We’ve had a number of items on the market over the years, but the most prominent are Puppy Surprise, which is currently on the market with Just Play, and then Doodle Bear with TOMY, who have just launched the 25th Anniversary Doodle Bear.
So growing up, were you guinea pigs for some of these inventions?
Douglas Kaplan, Ed Kaplan Associates: We were three little boys with a dad that ran a big toy company and as you can imagine, for a kid that’s pretty exciting. When he started AmToy, the office was in New York at 200 Fifth Avenue, which was the Toy Building. It’s not anymore, but at the time, every toy company had an office in that building.
As a little kid, we would go to work with him and it was a pretty exciting place to work. I would go to the Coleco office; they had Cabbage Patch Kids and ColecoVision; they had every video game in the world in there. They would give me ColecoVision games before they were released… It was really exciting!
SK: And Toy Fair would take place in the Toy Building. You would go to each company’s showrooms in the Toy Building and it was literally heaven!
DK: So yes, we really grew up in the toy business, but to fast forward a little… I graduated college in the early Nineties and Steven was in law school. Dad started the toy invention business and he wanted us involved, so I went to work for Ed Kaplan Associates right out of college. Steven was a practising lawyer but he would do all the contracts. It made Dad happy for us both to be involved and to spend time with us and we were happy to around it. It was a successful business and an exciting business. Something tells me that in the back of his mind, he was always preparing us to take over for the day when he’s not around, which is where we’re at now.
And looking at Ed Kaplan Associates now, what do you guys spend most of your time on?
DK: We look after our two big brands, Doodle Bear and Puppy Surprise, and we have an extensive library of other toys that have been sold or haven’t been sold. Doodle Bear and Puppy Surprise have each done close to $500m in wholesale sales, from the Nineties to today. They’re well-recognised and we’re excited they’re still both around and doing well.
Before we look closer at Doodle Bear, do you think your dad had any particular traits that made him well suited to life as a toy inventor?
DK: He was the most persistent man to have ever lived on the face of the Earth. He liked to tell this story… He went to Brooklyn College and he was in the army in Korea. When he came back, he tried to get a job at Union Carbide, which was a chemical company. Long story short, he was a Jewish boy from Brooklyn and when he tried to get a job there in sales, they told him: “This company is not going to be hiring any young Jewish guys from Brooklyn.” He then found an ad in the newspaper for a sales job at toy company, which was Knickerbocker. He applied, he got it, they filled his trunk up with toys and told him to drive from New York to California – and everywhere in-between – and these were the days where there were hundreds, if not thousands, of toy stores across the country.

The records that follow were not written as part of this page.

lemma target_nonempty:
  assumes l: "fst l < k"
  shows "target l \<noteq> {}"
proof
  assume empty: "target l = {}"
  obtain i b where l_eq: "l = (i, b)" by force
  define j where "j = (if i = 0 then 1 else (0::nat))"
  have j: "j < k" "j \<noteq> i" and i: "i < k"
    using k_gt_1 l l_eq by (auto simp: j_def)
  have "A j = UNIV" if "B j = {}"
    using f_maps_into_B j that by blast
  show False
  proof (cases b)
    case True
    then have "A i = UNIV"
      using empty l_eq f_maps_into_B i by (auto simp: target_def)
    then have "B j = {}" "A i \<inter> A j = {}"
      using disjoint_AB disjoint_AA_BB i j by auto
    with \<open>B j = {} \<Longrightarrow> A j = UNIV\<close> \<open>A i = UNIV\<close> show False by auto
  next
    case False
    have "A i = {}"
      using empty l_eq False by (simp add: target_def)
    then have "f i ` UNIV \<subseteq> B i"
      using f_maps_into_B i by auto
    moreover have "f i ` UNIV = UNIV"
      using homeo i unfolding homeomorphism_def by auto
    ultimately have "B i = UNIV"
      by auto
    then have "B j = {}"
      using disjoint_AA_BB i j by auto
    with \<open>B j = {} \<Longrightarrow> A j = UNIV\<close> \<open>B i = UNIV\<close> show False
      using disjoint_AB i j by auto
  qed
qed

lemma compact_incoming: "compact (incoming l)"
proof -
  have "{target l' | l'. fst l' < k \<and> l' \<noteq> letter_inv l} \<subseteq> target ` ({..<k} \<times> UNIV)"
    by auto
  then have "finite {target l' | l'. fst l' < k \<and> l' \<noteq> letter_inv l}"
    by (rule finite_subset) auto
  then show ?thesis
    unfolding incoming_def using compact_target by (intro compact_Union) auto
qed

lemma incoming_subset_source: "fst l < k \<Longrightarrow> incoming l \<subseteq> source l"
  using disjoint_target[of _ "letter_inv l"] by (fastforce simp: incoming_def source_def)

lemma target_subset_incoming: "fst l' < k \<Longrightarrow> l' \<noteq> letter_inv l \<Longrightarrow> target l' \<subseteq> incoming l"
  unfolding incoming_def by blast

lemma target_subset_incoming_next:
  "g \<in> Sig \<Longrightarrow> j = i + 1 \<Longrightarrow> target (g i) \<subseteq> incoming (g j)"
  using Sigma_words_reduced' Sigma_words_letter target_subset_incoming by blast

lemma act_incoming: "fst l < k \<Longrightarrow> x \<in> incoming l \<Longrightarrow> act l x \<in> target l"
  using incoming_subset_source act_source by blast

text \<open>\<open>word_act g m n = g\<^sub>m\<^sub>-\<^sub>1 \<circ> \<dots> \<circ> g\<^sub>m\<^sub>-\<^sub>n\<close>, the action of the subword of \<open>g\<close> ending just before \<open>m\<close>.\<close>
primrec word_act :: "(int \<Rightarrow> letter) \<Rightarrow> int \<Rightarrow> nat \<Rightarrow> 'a \<Rightarrow> 'a" where
  "word_act g m 0 x = x"
| "word_act g m (Suc n) x = word_act g m n (act (g (m - int n - 1)) x)"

He would be in the mid-West and in the South; for a Jewish boy from Brooklyn in the Fifties and Sixties, it was like another world! A lot of people wouldn’t take his meetings, but he would sit there and not leave until they talked to him. He would come back time after time, and ten years later, he was the number one salesman in the company. Eventually he became the Executive Vice President and was essentially running the company.
I imagine those years of persistence helped pave the way for his success in inventing?
DK: Yes, you have to deal with a lot of rejection and you’re competing with the in-house design teams at companies. There’s a territorial thing where the design team within a company doesn’t love taking outside inventions because it goes against everything they’re working for. His persistence, his sales history and his ability to form relationships with people was key, and he was a pretty creative guy too.
I’ve been with him many times when his items were rejected and he would show them again 10 or 12 times. People would say “Ed, you’ve shown me this 10 times, you can’t keep showing me the same product” but he would be so persistent. He would say “It’s such a great product… If it doesn’t fit today, it will fit another time.” Inevitably, the items that were rejected would end up being bought by other companies.
How did he fuel his creativity? What helped him come up with things like Doodle Bear?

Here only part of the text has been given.